Mamie immediately knew that she had to change this girl around to save her life. Mamie knew nice and sweet didn’t cut it in the near-millennial era, when a woman could expect to have to support herself for life in the hostile universe of corporate day jobs. She’d have to make this little girl aware of and hoping for something better than the dreaded fate of wasting her life in the temp pool of some law office. In short, she had to punkify this girl and do so quickly, in case her mom suddenly decided she wanted her back.

Mamie promptly commenced to give Jennifer teen-punk basic training. The 12-year-old got a crash course in the history of the music of immediacy and “No Future” that had been around since five years before she was born. Jennifer was encouraged to express her “real feelings” if said feelings were angry or skeptical She was discouraged from appearing peppy or spunky when those expressions were clearly out of sync with the reality fo the world around her. The only thing Mamie never showed Jennifer was the Beer Dildo; though Mamie did fantasize about how level-headed she’d be if Jennifer accidentally found its hiding place in the dresser.

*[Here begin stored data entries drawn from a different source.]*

lemma comm_size_flip_assign:
  fixes VS :: "'v::finite set"
  assumes "v \<in> D"
  shows "comm_size (flip D (assign S VS)) v
    = (if v \<in> VS then card (UNIV :: 'v set) - card VS - card (D - VS) + card (D \<inter> VS)
       else card VS - card (D \<inter> VS) + card (D - VS))"
proof (cases "v \<in> VS")
  case True
  have "{u. assign S VS u \<noteq> assign S VS v} = - VS"
    "{u \<in> D. assign S VS u \<noteq> assign S VS v} = D - VS"
    "{u \<in> D. assign S VS u = assign S VS v} = D \<inter> VS"
    using True unfolding assign_def by auto
  with True show ?thesis
    unfolding comm_size_flip[OF assms] by (simp add: card_Compl)
next
  case False
  have "{u. assign S VS u \<noteq> assign S VS v} = VS"
    "{u \<in> D. assign S VS u \<noteq> assign S VS v} = D \<inter> VS"
    "{u \<in> D. assign S VS u = assign S VS v} = D - VS"
    using False unfolding assign_def by auto
  with False show ?thesis
    unfolding comm_size_flip[OF assms] by simp
qed

lemma prefers_flip_assign_iff:
  fixes VS :: "'v::finite set"
  assumes "v \<in> D"
  shows "prefers pref v (flip D (assign S VS)) (assign S VS) \<longleftrightarrow>
    (if v \<in> VS
     then ((other S, card (UNIV :: 'v set) - card VS - card (D - VS) + card (D \<inter> VS)), (S, card VS))
            \<in> pref v
     else ((S, card VS - card (D \<inter> VS) + card (D - VS)), (other S, card (UNIV :: 'v set) - card VS))
            \<in> pref v)"
proof -
  have "flip D (assign S VS) v = (if v \<in> VS then other S else S)"
    "assign S VS v = (if v \<in> VS then S else other S)"
    using assms by (simp_all add: flip_def assign_def)
  moreover have "comm_size (assign S VS) v = (if v \<in> VS then card VS else card (UNIV :: 'v set) - card VS)"
    unfolding comm_size_def assign_def by (simp add: Compl_eq[symmetric] card_Compl)
  ultimately show ?thesis
    unfolding prefers_def comm_size_flip_assign[OF assms] by simp
qed

subsection \<open>R_S returns a stable assignment\<close>

text \<open>Loop invariant of R_S: every group of agents that have left S contains one who prefers
  its current community to returning to S together with the group.\<close>

definition return_blocked :: "'v::finite profile \<Rightarrow> alt \<Rightarrow> 'v set \<Rightarrow> bool" where
  "return_blocked pref S VS \<longleftrightarrow>
     (\<forall>D \<subseteq> - VS. D \<noteq> {} \<longrightarrow>
        (\<exists>v\<in>D. ((other S, card (UNIV :: 'v set) - card VS), (S, card VS + card D)) \<in> pref v))"

context
  fixes pref :: "'v::finite profile"
  assumes profile: "is_profile pref" and mono: "monotonic pref"
begin

lemma return_blocked_R_step:
  assumes blocked: "return_blocked pref S VS" and k: "kval pref S VS \<noteq> 0"
  shows "return_blocked pref S (R_step pref S VS)"
  unfolding return_blocked_def
proof (intro allI impI)
  let ?n = "card (UNIV :: 'v set)" and ?k = "kval pref S VS"
  let ?W = "willing pref S VS ?k" and ?VS' = "R_step pref S VS"
  fix D assume D: "D \<subseteq> - ?VS'" "D \<noteq> {}"
  then have "1 \<le> card D" by (simp add: Suc_le_eq card_gt_0_iff)
  have W: "?W \<subseteq> VS" by (rule willing_subset)
  then have card_W: "?k \<le> card ?W" "card ?W \<le> card VS" "card VS \<le> ?n"
    using kval_neq_0D[OF k] by (simp_all add: card_mono)
  have card_VS': "card ?VS' = card VS - card ?W"
    unfolding R_step_def using W by (simp add: card_Diff_subset)
  show "\<exists>v\<in>D. ((other S, ?n - card ?VS'), (S, card ?VS' + card D)) \<in> pref v"
  proof (cases "D \<subseteq> VS")
    case True
    then have "D \<subseteq> ?W" using D(1) unfolding R_step_def by auto
    with D(2) obtain v where "v \<in> D" "v \<in> ?W" by blast
    then have "((other S, ?n - card VS + ?k), (S, card VS)) \<in> pref v"
      unfolding willing_def by simp
    then have "((other S, ?n - card ?VS'), (S, card VS)) \<in> pref v"
      by (rule pref_grow_left[OF profile mono]) (use card_W card_VS' in auto)
    moreover have "card D \<le> card ?W" using \<open>D \<subseteq> ?W\<close> by (simp add: card_mono)
    ultimately have "((other S, ?n - card ?VS'), (S, card ?VS' + card D)) \<in> pref v"
      by (elim pref_shrink_right[OF profile mono]) (use \<open>1 \<le> card D\<close> card_W card_VS' in auto)
    with \<open>v \<in> D\<close> show ?thesis by blast
  next
    case False
    then have "D - VS \<subseteq> - VS" "D - VS \<noteq> {}" by auto
    with blocked obtain v where v: "v \<in> D - VS"
      "((other S, ?n - card VS), (S, card VS + card (D - VS))) \<in> pref v"
      unfolding return_blocked_def by blast
    have "D \<inter> VS \<subseteq> ?W" using D(1) unfolding R_step_def by auto
    then have "card (D \<inter> VS) \<le> card ?W" by (simp add: card_mono)
    then have "card D \<le> card (D - VS) + card ?W"
      using card_Int_Diff[of D VS] by simp
    have "((other S, ?n - card ?VS'), (S, card VS + card (D - VS))) \<in> pref v"
      by (rule pref_grow_left[OF profile mono v(2)]) (use card_W card_VS' in auto)
    then have "((other S, ?n - card ?VS'), (S, card ?VS' + card D)) \<in> pref v"
      by (rule pref_shrink_right[OF profile mono])
        (use \<open>card D \<le> card (D - VS) + card ?W\<close> \<open>1 \<le> card D\<close> card_W card_VS' in auto)
    with v(1) show ?thesis by blast
  qed
qed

Mamie got Jennifer an all-black wardrobe, including boots, and encouraged her to wear it around the house until she gradually assumed its particular image of beauty. Jennifer learned the steps toward a proper punk attitude: the precise combination of decadance and righteousness, the importance of fighting for your right to party.

As Jennifer grew more comfortable in the black clothes, she started wearing them in the neighborhood. Finally, the day came for Jennifer to wear black to school. Mamie gave her a full pep talk about standing up for herself and not letting anybody put her down for who she really was. Mamie told Jennifer that if anything happened to her bad in school, to feel free to call her on the pager at any time.

As Mamie went off on her daily rounds of errands and deals, she felt an unfamiliar sense of trepidation. She didn’t know how to deal with it. She’d been so independent, for so long, that the notion of being on the verge of despair over somebody else’s fate quietly scared her. Not that Mamie let it show to anybody, of course.

Mamie made sure to get home to her basement apartment in time. As she waited for Jennifer to come home, she planned the next step in Jennifer’s transformation, a tasteful cotton-candy-pink hair dye. Mamie couldn’t keep her mind on it, though. She found herself uncomfortably afaid for Jennifer’s fate. She smoked her last pack of Marlboros, and then finished off the panic-pack of Kools she’d kept hidden in the top cupboards. She drank a quarter-bottle of Monarch Vodka mixed with Safeway Select lemon-lime. She put on her precious vinyl Fear LP and nodded into punk heaven in earphones. She was well numbed for any result when Jennifer opened the door and entered the room.